The statistical significance of the compression effects on diagnostic scoring was assessed by the one-sided Student t-test for equivalence. This test compared the distribution of the rater-specific baseline rate of diagnostic errors with the corresponding distributions for total diagnostic errors at CR 10:1 and CR 16:1 (note that at CR 6:1 no diagnostic error resulting from compression was observed). These error distributions for the raters evaluating compressed images were obtained by merging the baseline errors (observed during the assessment of the uncompressed ROIs) with the additional QD2 errors that were reported for the ROIs showing the compressed images. Tables 7 and 8 list the means and the SDs of the error rates. The observed mean baseline error rate was 6.7% for the DC+ raters and 9% for the DC raters.

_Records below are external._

text \<open>
  Write \<open>P = B\<^sup>\<dagger>\<close>, so that \<open>B P = I\<close>, and \<open>p = P b < 0\<close>. For a sign vector \<open>s\<close> and \<open>y > 0\<close>,
  the vector \<open>x = s * y\<close> has sign pattern \<open>s\<close> and \<open>|x| = y\<close>; it solves \<open>A x - B |x| = b\<close>
  as soon as \<open>y = P A x - p + t h\<close> for some \<open>h\<close> in the kernel of \<open>B\<close>, which is nontrivial
  since \<open>m < n\<close>. Because \<open>\<parallel>P A\<parallel>\<^sub>\<infinity> < 1\<close>, the map \<open>y \<mapsto> y - P A (s * y)\<close> is invertible and
  its solution of \<open>y - P A (s * y) = q\<close> satisfies \<open>(1 - \<parallel>P A\<parallel>\<^sub>\<infinity>) \<parallel>y\<parallel>\<^sub>\<infinity> \<le> \<parallel>q\<parallel>\<^sub>\<infinity>\<close>.
  The hypothesis \<open>\<parallel>P A\<parallel>\<^sub>\<infinity> < \<gamma>/2\<close> makes this bound strong enough to force \<open>y > 0\<close> for
  \<open>q = t h - p\<close> with all sufficiently small \<open>t > 0\<close>, and distinct \<open>t\<close> give distinct \<open>x\<close>.
\<close>

lemma abs_component_le_vec_inf_norm: "\<bar>x $ i\<bar> \<le> vec_inf_norm x"
  unfolding vec_inf_norm_def by (rule Max_ge) auto

lemma vec_inf_norm_le: "(\<And>i. \<bar>x $ i\<bar> \<le> c) \<Longrightarrow> vec_inf_norm x \<le> c"
  unfolding vec_inf_norm_def by (subst Max_le_iff) auto

lemma vec_inf_norm_nonneg: "0 \<le> vec_inf_norm x"
  using abs_component_le_vec_inf_norm[of x] abs_ge_zero order_trans by blast

lemma vec_inf_norm_eq_0_iff: "vec_inf_norm x = 0 \<longleftrightarrow> x = 0"
proof
  assume "vec_inf_norm x = 0"
  then show "x = 0"
    using abs_component_le_vec_inf_norm[of x] by (metis abs_le_zero_iff vec_eq_iff zero_index)
next
  assume "x = 0"
  then show "vec_inf_norm x = 0"
    using vec_inf_norm_le[of x 0] vec_inf_norm_nonneg[of x] by simp
qed
lemma superpotential_unique_null_above:
  fixes C :: "(real^'r::finite) set" and h :: "real^'r \<Rightarrow> real"
  assumes dpos: "\<forall>i. d i > 0" and Cfin: "finite C" and Fnz: "\<forall>c\<in>C. F c \<noteq> 0"
    and Csum: "\<forall>c\<in>C. (\<Sum>i\<in>UNIV. c$i) = s" and lin: "linear h"
    and vanish: "\<And>\<xi>. 2 * lam < h \<xi> \<Longrightarrow> pair_sum d F C \<xi> = 0"
    and k: "k \<in> C" "lam < h k"
  shows "{c\<in>C. lam < h c} = {k} \<and> is_null d k"
proof -
  obtain v where v: "inj_on (inner v) C" using ex_inner_inj_on[OF Cfin] by blast
  define \<psi> where "\<psi> x = (h x, inner v x)" for x
  have add: "\<psi> (x + y) = \<psi> x + \<psi> y" for x y
    by (simp add: \<psi>_def linear_add[OF lin] inner_add_right)
  have inj: "inj_on \<psi> C" using v unfolding \<psi>_def inj_on_def by simp
  have above: "lam < h c" if "c \<in> S" "\<forall>a\<in>S. lex_le (\<psi> a) (\<psi> c)" "k' \<in> S" "lam < h k'" for S c k'
    using lex_le_fst[of "\<psi> k'" "\<psi> c"] that unfolding \<psi>_def by fastforce
  have vanish_sum: "pair_sum d F C (x + y) = 0" if "lam < h x" "lam < h y" for x y
    using vanish that by (simp add: linear_add[OF lin])
  obtain c\<^sub>1 where c\<^sub>1: "c\<^sub>1 \<in> C" "\<forall>a\<in>C. lex_le (\<psi> a) (\<psi> c\<^sub>1)"
    using ex_lex_max[OF Cfin] k(1) by blast
  have hc\<^sub>1: "lam < h c\<^sub>1" using above[OF c\<^sub>1 k] .
  have J11: "Jform d c\<^sub>1 c\<^sub>1 = 0"
    using pair_sum_top_null[OF add inj Cfin Fnz c\<^sub>1 vanish_sum[OF hc\<^sub>1 hc\<^sub>1]] .
  have unique: "c = c\<^sub>1" if c: "c \<in> C" "lam < h c" for c
  proof (rule ccontr)
    assume "c \<noteq> c\<^sub>1"
    then obtain c\<^sub>2 where c\<^sub>2: "c\<^sub>2 \<in> C - {c\<^sub>1}" "\<forall>a\<in>C - {c\<^sub>1}. lex_le (\<psi> a) (\<psi> c\<^sub>2)"
      using ex_lex_max[of "C - {c\<^sub>1}" \<psi>] Cfin c(1) by blast
    have hc\<^sub>2: "lam < h c\<^sub>2" using above[OF c\<^sub>2 _ c(2)] c(1) \<open>c \<noteq> c\<^sub>1\<close> by blast
    have c\<^sub>2C: "c\<^sub>2 \<in> C" and c\<^sub>2c\<^sub>1: "c\<^sub>2 \<noteq> c\<^sub>1" using c\<^sub>2(1) by auto
    note second = pair_sum_second_orthogonal[OF add inj Cfin Fnz c\<^sub>1 c\<^sub>2C c\<^sub>2c\<^sub>1 c\<^sub>2(2)]
      pair_sum_second_null[OF add inj Cfin Fnz c\<^sub>1 c\<^sub>2C c\<^sub>2c\<^sub>1 c\<^sub>2(2)]
    have J12: "Jform d c\<^sub>1 c\<^sub>2 = 0" using second(1)[OF vanish_sum[OF hc\<^sub>1 hc\<^sub>2]] .
    have J22: "Jform d c\<^sub>2 c\<^sub>2 = 0" using second(2)[OF J11 J12 vanish_sum[OF hc\<^sub>2 hc\<^sub>2]] .
    have "c\<^sub>1 = c\<^sub>2" using Jform_null_pair_eq[OF dpos _ J11 J12 J22] Csum c\<^sub>1(1) c\<^sub>2C by simp
    then show False using c\<^sub>2c\<^sub>1 by simp
  qed
  then show ?thesis using k J11 unfolding is_null_def by auto
qed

These data were checked for their normal distribution (separately for the DC+ and for the DC raters). This analysis showed that the error data from one of the raters of the DC+ group (Rater 4) were outliers caused by extreme rates for baseline errors (16%) and for total error rate at CR 16:1 (60%) (Table 7). Therefore these data were excluded from the t-test. Figure 5 presents the significance of the equivalence t-test as a function of the tolerance limit delta (see Statistical Methods) at CR 10:1 and CR 16:1 for the remaining five DC+ raters and for the 13 DC raters. Table 9 summarizes the results of the equivalence tests. For the DC raters at CR 10:1, for example, the error distributions measured at baseline and at CR 10:1 can be considered as equivalent at a significance level of 0.05 if one accepts a tolerance limit delta of 1.4% (i.e., an increase of the mean error rate from 9.0% [baseline] to 10.4% [CR 10:1]).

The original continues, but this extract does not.